When you find your musical soulmate, the universe will allow great things to happen. Producer/multi-instrumentalist Alex Kaye and vocalist/lyricist Lianna Vanicelli are Valley Hush and have found that in each other. At the end of 2015, PopMatters named Detroit’s experimental pop group Valley Hush one of the best emerging artists. The duo makes music that is a flirtatious mixture of reality and fantasy that transcends traditional genres. Their debut self-titled album broadly connects the dots between acts such as Tame Impala, Grimes, Gorillaz, and Lana Del Rey, while still sounding wholly unique.
Since their inception, Valley Hush has built a reputation on creating music that swells with energy and speaks to our shared existence that we are all in this beautiful mess together. What does a sunset taste like? If you touched the Milky Way would you draw back a wet hand? These are examples of wild and organic abstractions of thought are the very brush Valley Hush paints with.
The duo finds themselves exploring personal trials of struggle, survival and surrender through Vanicelli’s lyrics. While the lyrics are personal they are just as applicable to the masses. Vanicelli gives a voice to the cosmic forces that shift within us. Her words read more like poetry or a lucid dream, rich in vivid detail while evoking the sensation of an impending spring and never a dormant winter. The lyrics are an invitation to the internal and eternal struggle, and the way in which they are delivered is not entirely dissimilar to a mirage; a delicate and thirst quenching range of highs and lows. Kaye's instrumentals take the lyrics to a new horizon, combining elements of many different musical genres into seamless journeys of sound.

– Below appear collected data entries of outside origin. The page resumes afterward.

(* Let $Y\subset\mathbb{R}^n$ be open and let $\omega\colon Y\to\mathbb{R}^n$, $f\colon Y\to\mathbb{R}^n$, $F\colon Y\to\mathbb{R}$ and $f^{\mathrm{num}}\colon Y\times Y\to\mathbb{R}^n$ be arbitrary functions with $f^{\mathrm{num}}(u,u)=f(u)$ for all $u\in Y$. (No further relation between $\omega,f,F$ and no convexity is assumed.) Then the following are equivalent: (A) there exists $F^{\mathrm{num}}\colon Y\times Y\to\mathbb{R}$ with $F^{\mathrm{num}}(u,u)=F(u)$ for all $u\in Y$ such that for all $u_-,u_0,u_+\in Y$, $$\omega(u_0)\cdot\big(f^{\mathrm{num}}(u_0,u_+)-f^{\mathrm{num}}(u_-,u_0)\big)\ \ge\ F^{\mathrm{num}}(u_0,u_+)-F^{\mathrm{num}}(u_-,u_0);$$ (B) for all $u_-,u_+\in Y$, $$\big(\omega(u_+)-\omega(u_-)\big)\cdot f^{\mathrm{num}}(u_-,u_+)\ \le\ \big(\omega(u_+)\cdot f(u_+)-F(u_+)\big)-\big(\omega(u_-)\cdot f(u_-)-F(u_-)\big).$$ Moreover, there exists a consistent $F^{\mathrm{num}}$ for which (A) holds with equality for all triples if and only if (B) holds with equality for all pairs; and in that case $F^{\mathrm{num}}$ is uniquely determined by $$F^{\mathrm{num}}(u_-,u_+)=\{\{F\}\}+\{\{\omega\}\}\cdot f^{\mathrm{num}}(u_-,u_+)-\{\{\omega\cdot f\}\}.$$
   Context: For a function $a$ on $Y$ and states $u_-,u_+$, write $a_\pm=a(u_\pm)$, the mean $\{\{a\}\}=\tfrac12(a_-+a_+)$ and the jump $[\![a]\!]=a_+-a_-$. *)

theory Defs
  imports "HOL-Analysis.Analysis"
begin

end

theory Submission
  imports Defs
begin

text \<open>Write \<open>\<psi> = \<omega> \<bullet> f - F\<close> for the entropy potential. For any consistent numerical
  entropy flux, the cell entropy productions on the degenerate triples \<open>(u\<^sub>-, u\<^sub>-, u\<^sub>+)\<close>
  and \<open>(u\<^sub>-, u\<^sub>+, u\<^sub>+)\<close> add up to Tadmor's defect \<open>[\<psi>] - [\<omega>] \<bullet> fnum(u\<^sub>-, u\<^sub>+)\<close>,
  so (A) implies (B). Conversely, for the flux \<open>F(u\<^sub>-) + \<omega>(u\<^sub>-) \<bullet> (fnum(u\<^sub>-, u\<^sub>+) - f(u\<^sub>-))\<close>
  the production on \<open>(u\<^sub>-, u\<^sub>0, u\<^sub>+)\<close> equals the defect of the pair \<open>(u\<^sub>-, u\<^sub>0)\<close>, so (B)
  implies (A). Both arguments only use that the sign condition is closed under addition,
  hence cover inequalities and equalities at once. If the production vanishes on
  \<open>(u\<^sub>-, u\<^sub>-, u\<^sub>+)\<close> the flux must be the one above, which exceeds the mean-value formula
  by half the defect.\<close>

locale numerical_flux =
  fixes Y :: "'s set"
    and \<omega> f :: "'s \<Rightarrow> 'a::real_inner"
    and F :: "'s \<Rightarrow> real"
    and fnum :: "'s \<Rightarrow> 's \<Rightarrow> 'a"
  assumes fnum_consistent: "u \<in> Y \<Longrightarrow> fnum u u = f u"
begin

definition entropy_production :: "('s \<Rightarrow> 's \<Rightarrow> real) \<Rightarrow> 's \<Rightarrow> 's \<Rightarrow> 's \<Rightarrow> real" where
  "entropy_production Fnum um u0 up =
     \<omega> u0 \<bullet> (fnum u0 up - fnum um u0) - (Fnum u0 up - Fnum um u0)"

definition entropy_potential :: "'s \<Rightarrow> real" where
  "entropy_potential u = \<omega> u \<bullet> f u - F u"

definition tadmor_defect :: "'s \<Rightarrow> 's \<Rightarrow> real" where
  "tadmor_defect um up =
     entropy_potential up - entropy_potential um - (\<omega> up - \<omega> um) \<bullet> fnum um up"

definition canonical_entropy_flux :: "'s \<Rightarrow> 's \<Rightarrow> real" where
  "canonical_entropy_flux um up = F um + \<omega> um \<bullet> (fnum um up - f um)"

definition mean_entropy_flux :: "'s \<Rightarrow> 's \<Rightarrow> real" where
  "mean_entropy_flux um up = (F um + F up) / 2 + ((\<omega> um + \<omega> up) /\<^sub>R 2) \<bullet> fnum um up
     - (\<omega> um \<bullet> f um + \<omega> up \<bullet> f up) / 2"

lemma canonical_entropy_flux_diag: "u \<in> Y \<Longrightarrow> canonical_entropy_flux u u = F u"
  by (simp add: canonical_entropy_flux_def fnum_consistent)

lemma entropy_production_canonical:
  "entropy_production canonical_entropy_flux um u0 up = tadmor_defect um u0"
  by (simp add: entropy_production_def tadmor_defect_def entropy_potential_def
      canonical_entropy_flux_def inner_diff_left inner_diff_right)

lemma canonical_entropy_flux_eq_mean:
  "canonical_entropy_flux um up = mean_entropy_flux um up + tadmor_defect um up / 2"
  by (simp add: canonical_entropy_flux_def mean_entropy_flux_def tadmor_defect_def
      entropy_potential_def inner_diff_left inner_diff_right inner_add_left field_simps)

lemma entropy_production_left_degenerate:
  assumes "um \<in> Y" "Fnum um um = F um"
  shows "entropy_production Fnum um um up = canonical_entropy_flux um up - Fnum um up"
  using assms by (simp add: entropy_production_def canonical_entropy_flux_def fnum_consistent)

lemma tadmor_defect_eq_degenerate_productions:
  assumes "um \<in> Y" "up \<in> Y" "Fnum um um = F um" "Fnum up up = F up"
  shows "tadmor_defect um up =
           entropy_production Fnum um um up + entropy_production Fnum um up up"
  using assms
  by (simp add: entropy_production_left_degenerate entropy_production_def tadmor_defect_def
      entropy_potential_def canonical_entropy_flux_def fnum_consistent
      inner_diff_left inner_diff_right)

lemma consistent_entropy_flux_exists_iff:
  assumes P_add: "\<And>x y. P x \<Longrightarrow> P y \<Longrightarrow> P (x + y)"
  shows "(\<exists>Fnum. (\<forall>u\<in>Y. Fnum u u = F u) \<and>
            (\<forall>um\<in>Y. \<forall>u0\<in>Y. \<forall>up\<in>Y. P (entropy_production Fnum um u0 up)))
         \<longleftrightarrow> (\<forall>um\<in>Y. \<forall>up\<in>Y. P (tadmor_defect um up))"
proof
  assume "\<exists>Fnum. (\<forall>u\<in>Y. Fnum u u = F u) \<and>
            (\<forall>um\<in>Y. \<forall>u0\<in>Y. \<forall>up\<in>Y. P (entropy_production Fnum um u0 up))"
  then obtain Fnum where diag: "\<forall>u\<in>Y. Fnum u u = F u"
    and prod: "\<forall>um\<in>Y. \<forall>u0\<in>Y. \<forall>up\<in>Y. P (entropy_production Fnum um u0 up)"
    by blast
  show "\<forall>um\<in>Y. \<forall>up\<in>Y. P (tadmor_defect um up)"
  proof (intro ballI)
    fix um up assume "um \<in> Y" "up \<in> Y"
    with diag prod show "P (tadmor_defect um up)"
      by (simp add: tadmor_defect_eq_degenerate_productions[of um up Fnum] P_add)
  qed
next
  assume "\<forall>um\<in>Y. \<forall>up\<in>Y. P (tadmor_defect um up)"
  then show "\<exists>Fnum. (\<forall>u\<in>Y. Fnum u u = F u) \<and>
            (\<forall>um\<in>Y. \<forall>u0\<in>Y. \<forall>up\<in>Y. P (entropy_production Fnum um u0 up))"
    by (metis canonical_entropy_flux_diag entropy_production_canonical)
qed

lemma conservative_entropy_flux_unique:
  assumes "um \<in> Y" "up \<in> Y" "Fnum um um = F um" "Fnum up up = F up"
    and "entropy_production Fnum um um up = 0" "entropy_production Fnum um up up = 0"
  shows "Fnum um up = mean_entropy_flux um up"
proof -
  have "Fnum um up = canonical_entropy_flux um up"
    using assms entropy_production_left_degenerate by fastforce
  moreover have "tadmor_defect um up = 0"
    using assms tadmor_defect_eq_degenerate_productions[of um up Fnum] by simp
  ultimately show ?thesis
    by (simp add: canonical_entropy_flux_eq_mean)
qed

end

theorem mainTheorem1:
  fixes Y :: "(real ^ 'n) set"
    and \<omega> f :: "real ^ 'n \<Rightarrow> real ^ 'n"
    and F :: "real ^ 'n \<Rightarrow> real"
    and fnum :: "real ^ 'n \<Rightarrow> real ^ 'n \<Rightarrow> real ^ 'n"
  assumes "open Y"
    and "\<And>u. u \<in> Y \<Longrightarrow> fnum u u = f u"
  shows "((\<exists>Fnum :: real ^ 'n \<Rightarrow> real ^ 'n \<Rightarrow> real.
              (\<forall>u\<in>Y. Fnum u u = F u) \<and>
              (\<forall>um\<in>Y. \<forall>u0\<in>Y. \<forall>up\<in>Y.
                 \<omega> u0 \<bullet> (fnum u0 up - fnum um u0) \<ge> Fnum u0 up - Fnum um u0))
          \<longleftrightarrow>
          (\<forall>um\<in>Y. \<forall>up\<in>Y.
             (\<omega> up - \<omega> um) \<bullet> fnum um up
               \<le> (\<omega> up \<bullet> f up - F up) - (\<omega> um \<bullet> f um - F um)))
       \<and>
       ((\<exists>Fnum :: real ^ 'n \<Rightarrow> real ^ 'n \<Rightarrow> real.
              (\<forall>u\<in>Y. Fnum u u = F u) \<and>
              (\<forall>um\<in>Y. \<forall>u0\<in>Y. \<forall>up\<in>Y.
                 \<omega> u0 \<bullet> (fnum u0 up - fnum um u0) = Fnum u0 up - Fnum um u0))
          \<longleftrightarrow>
          (\<forall>um\<in>Y. \<forall>up\<in>Y.
             (\<omega> up - \<omega> um) \<bullet> fnum um up
               = (\<omega> up \<bullet> f up - F up) - (\<omega> um \<bullet> f um - F um)))
       \<and>
       (\<forall>Fnum :: real ^ 'n \<Rightarrow> real ^ 'n \<Rightarrow> real.
          ((\<forall>u\<in>Y. Fnum u u = F u) \<and>
           (\<forall>um\<in>Y. \<forall>u0\<in>Y. \<forall>up\<in>Y.
              \<omega> u0 \<bullet> (fnum u0 up - fnum um u0) = Fnum u0 up - Fnum um u0))
          \<longrightarrow> (\<forall>um\<in>Y. \<forall>up\<in>Y.
                 Fnum um up = (F um + F up) / 2
                   + ((\<omega> um + \<omega> up) /\<^sub>R 2) \<bullet> fnum um up
                   - (\<omega> um \<bullet> f um + \<omega> up \<bullet> f up) / 2))"
proof -
  interpret numerical_flux Y \<omega> f F fnum
    using assms(2) by unfold_locales
  show ?thesis
    apply (intro conjI allI impI)
    subgoal
      using consistent_entropy_flux_exists_iff[of "\<lambda>x. 0 \<le> x"]
      by (simp add: entropy_production_def tadmor_defect_def entropy_potential_def)
    subgoal
      using consistent_entropy_flux_exists_iff[of "\<lambda>x. x = 0"]
      by (simp add: entropy_production_def tadmor_defect_def entropy_potential_def)
        (metis (no_types, lifting))
    subgoal for Fnum
      using conservative_entropy_flux_unique[of _ _ Fnum]
      unfolding entropy_production_def mean_entropy_flux_def
      by (metis diff_self)
    done
qed

end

Taking cues from producers and artists such as Damon Albarn (Gorillaz), Dan Auerbach (The Black Keys), Danger Mouse, and Hot Sugar, he adds his own touches picked up from years of working as a freelance writer, producer, and engineer in the city of Detroit. He records their songs in several different studios in the Detroit area, including a massive hundred-year-old church converted into a recording space. If you listen closely you can pick up on extremely small production details throughout the course of a Valley Hush song. His goal is to make their music sound like a detailed painting, with waves pushing through space to the listener's ear, rather than brushstrokes to their eyes.
When performing live, the duo expands to a four-piece band to help fill out their sound and allows for their seamless production to take on a new skin. The inclusion of a full band pushes Valley Hush into raw and ferocious territory while still remaining tethered to their signature spacey, dreamscape vibe. They define success by their commitment of authenticity to their vision in hopes of inspiring many with their thoughtfully crafted aural landscape. After performing at the 2016 Middle of the Map Fest in Kansas City they signed to festival curators own label The Record Machine. Valley Hush has released 2 previous independent EP’s and is currently putting the final touches on their mesmerizing self-titled debut full-length album to be released late 2016.